New mechanistic probes are being developed in our laboratories to study reactions of transition metal complexes with O2 and reactive oxygen species. One approach involves analyzing oxygen-18 isotope effects on rates and equilibria. The measurements are carried out using natural abundance reagents, high-vacuum techniques and stable isotope mass spectrometry. We have shown that oxygen-18 kinetic isotope effects can provide unique information about structures of transition states and high-energy intermediates that could not be obtained using conventional spectroscopic techniques.
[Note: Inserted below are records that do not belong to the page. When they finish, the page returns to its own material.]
fun distinct_leaves :: "'v btree \<Rightarrow> bool" where
  "distinct_leaves (Leaf v) = True"
| "distinct_leaves (Node a b) \<longleftrightarrow>
     distinct_leaves a \<and> distinct_leaves b \<and> leaves a \<inter> leaves b = {}"

lemma leaves_nonempty [simp]: "leaves u \<noteq> {}"
  by (induction u) auto

lemma finite_leaves [simp]: "finite (leaves u)"
  by (induction u) auto

lemma subtrees_refl [simp]: "u \<in> subtrees u"
  by (cases u) auto

lemma subtrees_trans: "x \<in> subtrees u \<Longrightarrow> subtrees x \<subseteq> subtrees u"
  by (induction u) auto

lemma leaves_subtree: "x \<in> subtrees u \<Longrightarrow> leaves x \<subseteq> leaves u"
  by (induction u) auto

lemma clusters_subtree: "x \<in> subtrees u \<Longrightarrow> clusters x \<subseteq> clusters u"
  by (induction u) auto

lemma distinct_leaves_subtree: "distinct_leaves u \<Longrightarrow> x \<in> subtrees u \<Longrightarrow> distinct_leaves x"
  by (induction u) auto

lemma leaves_in_clusters [simp]: "leaves u \<in> clusters u"
  by (cases u) auto

lemma cluster_subset_leaves: "X \<in> clusters u \<Longrightarrow> X \<subseteq> leaves u"
  by (induction u) auto

lemma Union_clusters: "\<Union>(clusters u) = leaves u"
  using cluster_subset_leaves leaves_in_clusters by blast

lemma cluster_nonempty: "X \<in> clusters u \<Longrightarrow> X \<noteq> {}"
  by (induction u) auto

lemma finite_cluster: "X \<in> clusters u \<Longrightarrow> finite X"
  using cluster_subset_leaves finite_leaves finite_subset by metis

lemma cluster_subtree_ex: "X \<in> clusters u \<Longrightarrow> \<exists>x\<in>subtrees u. leaves x = X"
  by (induction u) auto

lemma cluster_child_ex:
  "X \<in> clusters u \<Longrightarrow> X \<noteq> leaves u \<Longrightarrow> \<exists>y z. Node y z \<in> subtrees u \<and> (leaves y = X \<or> leaves z = X)"
  by (induction u) (auto 4 3)

lemma clusters_disjoint: "leaves x \<inter> leaves y = {} \<Longrightarrow> clusters x \<inter> clusters y = {}"
  using cluster_subset_leaves cluster_nonempty by blast

lemma clusters_three:
  "clusters (Node (Node x y) z) =
     insert (leaves x \<union> leaves y \<union> leaves z) (insert (leaves x \<union> leaves y) (clusters x \<union> clusters y \<union> clusters z))"
  "clusters (Node z (Node x y)) =
     insert (leaves x \<union> leaves y \<union> leaves z) (insert (leaves x \<union> leaves y) (clusters x \<union> clusters y \<union> clusters z))"
  by auto

section \<open>Binary hierarchies\<close>

definition laminar :: "'a set set \<Rightarrow> bool" where
  "laminar H \<longleftrightarrow> (\<forall>X\<in>H. \<forall>Y\<in>H. X \<subseteq> Y \<or> Y \<subseteq> X \<or> X \<inter> Y = {})"

lemma laminarD: "laminar H \<Longrightarrow> X \<in> H \<Longrightarrow> Y \<in> H \<Longrightarrow> X \<subseteq> Y \<or> Y \<subseteq> X \<or> X \<inter> Y = {}"
  unfolding laminar_def by blast

lemma laminar_clusters: "distinct_leaves u \<Longrightarrow> laminar (clusters u)"
proof (induction u)
  case (Node a b)
  then show ?case
    using cluster_subset_leaves[of _ a] cluster_subset_leaves[of _ b]
    unfolding laminar_def clusters.simps distinct_leaves.simps
    by (smt (verit) Un_iff insert_iff disjoint_iff subset_iff)
qed (simp add: laminar_def)

lemma cluster_cases_subtree:
  "distinct_leaves u \<Longrightarrow> x \<in> subtrees u \<Longrightarrow> W \<in> clusters u \<Longrightarrow>
     W \<in> clusters x \<or> leaves x \<subseteq> W \<or> W \<inter> leaves x = {}"
proof (induction u)
  case (Node a b)
  have disj: "leaves a \<inter> leaves b = {}"
    using Node.prems(1) by simp
  consider "x = Node a b" | "x \<in> subtrees a" | "x \<in> subtrees b"
    using Node.prems(2) by auto
  then show ?case
  proof cases
    case 2
    then show ?thesis
      using Node leaves_subtree[OF 2] cluster_subset_leaves[of W b] disj by auto
  next
    case 3
    then show ?thesis
      using Node leaves_subtree[OF 3] cluster_subset_leaves[of W a] disj by auto
  qed (use Node.prems(3) in auto)
qed simp

definition splits :: "'a set set \<Rightarrow> 'a set \<Rightarrow> 'a set \<Rightarrow> 'a set \<Rightarrow> bool" where
  "splits H X Y Z \<longleftrightarrow> X \<in> H \<and> Y \<in> H \<and> Z \<in> H \<and> Y \<noteq> {} \<and> Z \<noteq> {} \<and> Y \<inter> Z = {} \<and> X = Y \<union> Z
     \<and> (\<forall>W\<in>H. W \<subset> X \<longrightarrow> W \<subseteq> Y \<or> W \<subseteq> Z)"

lemma splitsI:
  "X \<in> H \<Longrightarrow> Y \<in> H \<Longrightarrow> Z \<in> H \<Longrightarrow> Y \<noteq> {} \<Longrightarrow> Z \<noteq> {} \<Longrightarrow> Y \<inter> Z = {} \<Longrightarrow> X = Y \<union> Z
   \<Longrightarrow> (\<And>W. W \<in> H \<Longrightarrow> W \<subset> X \<Longrightarrow> W \<subseteq> Y \<or> W \<subseteq> Z) \<Longrightarrow> splits H X Y Z"
  unfolding splits_def by blast

lemma splitsD:
  assumes "splits H X Y Z"
  shows "X \<in> H" "Y \<in> H" "Z \<in> H" "Y \<noteq> {}" "Z \<noteq> {}" "Y \<inter> Z = {}" "X = Y \<union> Z"
  using assms unfolding splits_def by blast+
A major objective of our work is to understand origins of catalytic rate acceleration by redox enzymes. To this end, we compare reactions in the active site to those occurring by the same mechanisms in solution. Through the application of Marcus theory we evaluate the relative importance of thermodynamics, electrostatics and quantum mechanical effects to determining reaction rates.